Stored data entries

----------

(* Uniformly for all real $\alpha\geqslant 3$ and $x>1$, $$\sum_{p\leqslant x}\frac{1}{(\log p)^\alpha}<(2\alpha)^\alpha\frac{x}{(\log x)^{\alpha+1}},$$ where the sum runs over primes $p$. *)

theory Defs
  imports Complex_Main "HOL-Computational_Algebra.Primes"
begin

end

theory Submission
  imports Defs "HOL-Analysis.Harmonic_Numbers"
begin

(* Split the primes p <= x at y = x^(1/3).  For p > y each term satisfies
   1/(log p)^a <= log p / (log y)^(a+1), so these primes contribute at most
   theta(x) / (log x / 3)^(a+1), and Chebyshev's bound theta(x) <= x log 4 (from the
   product of the primes in (m+1, 2m+1] dividing binomial(2m+1, m) <= 4^m) makes this
   3^(a+1) x log 4 / (log x)^(a+1).  The at most y primes p <= y contribute at most
   y / (log 2)^a, and log u <= u / e applied to u = x^(2/(3(a+1))) gives
   (log x)^(a+1) y <= (3(a+1)/(2e))^(a+1) x.  For a >= 3 the two resulting constants
   are at most 25/48 and 125/288 times (2a)^a. *)

lemma central_binomial_odd_le: "(2*m+1 choose m) \<le> 4^m"
proof -
  have "2 * (2*m+1 choose m) = (\<Sum>k\<in>{m, m+1}. (2*m+1 choose k))"
    using binomial_symmetric[of m "2*m+1"] by simp
  also have "\<dots> \<le> (\<Sum>k\<le>2*m+1. (2*m+1 choose k))"
    by (intro sum_mono2) auto
  also have "\<dots> = 2 ^ (2*m+1)"
    by (rule choose_row_sum)
  finally show ?thesis
    by (simp add: power_mult)
qed

lemma prime_dvd_binomial:
  fixes p n k :: nat
  assumes "prime p" "k \<le> n" "k < p" "n - k < p" "p \<le> n"
  shows "p dvd (n choose k)"
proof -
  have "fact k * fact (n - k) * (n choose k) = (fact n :: nat)"
    using binomial_fact_lemma[OF \<open>k \<le> n\<close>] by simp
  moreover have "p dvd fact n" "\<not> p dvd fact k * fact (n - k)"
    using assms by (auto simp: prime_dvd_fact_iff prime_dvd_mult_iff)
  ultimately show ?thesis
    using \<open>prime p\<close> by (metis prime_dvd_mult_iff)
qed

lemma prod_primes_dvd:
  fixes A :: "'a :: factorial_semiring_gcd set"
  assumes "finite A" "\<And>p. p \<in> A \<Longrightarrow> prime p \<and> p dvd n"
  shows "\<Prod>A dvd n"
  using assms
proof (induction A rule: finite_induct)
  case (insert p A)
  have "\<not> p dvd \<Prod>A"
  proof
    assume "p dvd \<Prod>A"
    then obtain q where "q \<in> A" "p dvd q"
      using insert by (auto simp: prime_dvd_prod_iff)
    then show False
      using insert by (metis insertCI primes_dvd_imp_eq)
  qed
  then have "coprime p (\<Prod>A)"
    using insert by (intro prime_imp_coprime) auto
  then show ?case
    using insert by (simp add: divides_mult)
qed simp

definition primorial :: "nat \<Rightarrow> nat" where
  "primorial n = \<Prod>{p. prime p \<and> p \<le> n}"

lemma primorial_pos: "primorial n > 0"
  unfolding primorial_def by (intro prod_pos) (auto simp: prime_gt_0_nat)

lemma primorial_0 [simp]: "primorial 0 = 1"
proof -
  have "{p::nat. prime p \<and> p \<le> 0} = {}"
    by auto
  then show ?thesis
    unfolding primorial_def by (simp del: Collect_empty_eq)
qed

lemma primorial_Suc:
  "primorial (Suc n) = (if prime (Suc n) then Suc n * primorial n else primorial n)"
proof -
  have "{p. prime p \<and> p \<le> Suc n} = {p. prime p \<and> p \<le> n} \<union> {p. prime p \<and> p = Suc n}"
    by (auto simp: le_Suc_eq)
  then show ?thesis
    unfolding primorial_def by (auto simp: Collect_conj_eq)
qed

----------

Beginning with the line that holds "A \<Longrightarrow> prime", copy the entries exactly to their last line, and leave out every earlier line.

**Reply:**
  assumes "finite A" "\<And>p. p \<in> A \<Longrightarrow> prime p \<and> p dvd n"
  shows "\<Prod>A dvd n"
  using assms
proof (induction A rule: finite_induct)
  case (insert p A)
  have "\<not> p dvd \<Prod>A"
  proof
    assume "p dvd \<Prod>A"
    then obtain q where "q \<in> A" "p dvd q"
      using insert by (auto simp: prime_dvd_prod_iff)
    then show False
      using insert by (metis insertCI primes_dvd_imp_eq)
  qed
  then have "coprime p (\<Prod>A)"
    using insert by (intro prime_imp_coprime) auto
  then show ?case
    using insert by (simp add: divides_mult)
qed simp

definition primorial :: "nat \<Rightarrow> nat" where
  "primorial n = \<Prod>{p. prime p \<and> p \<le> n}"

lemma primorial_pos: "primorial n > 0"
  unfolding primorial_def by (intro prod_pos) (auto simp: prime_gt_0_nat)

lemma primorial_0 [simp]: "primorial 0 = 1"
proof -
  have "{p::nat. prime p \<and> p \<le> 0} = {}"
    by auto
  then show ?thesis
    unfolding primorial_def by (simp del: Collect_empty_eq)
qed

lemma primorial_Suc:
  "primorial (Suc n) = (if prime (Suc n) then Suc n * primorial n else primorial n)"
proof -
  have "{p. prime p \<and> p \<le> Suc n} = {p. prime p \<and> p \<le> n} \<union> {p. prime p \<and> p = Suc n}"
    by (auto simp: le_Suc_eq)
  then show ?thesis
    unfolding primorial_def by (auto simp: Collect_conj_eq)
qed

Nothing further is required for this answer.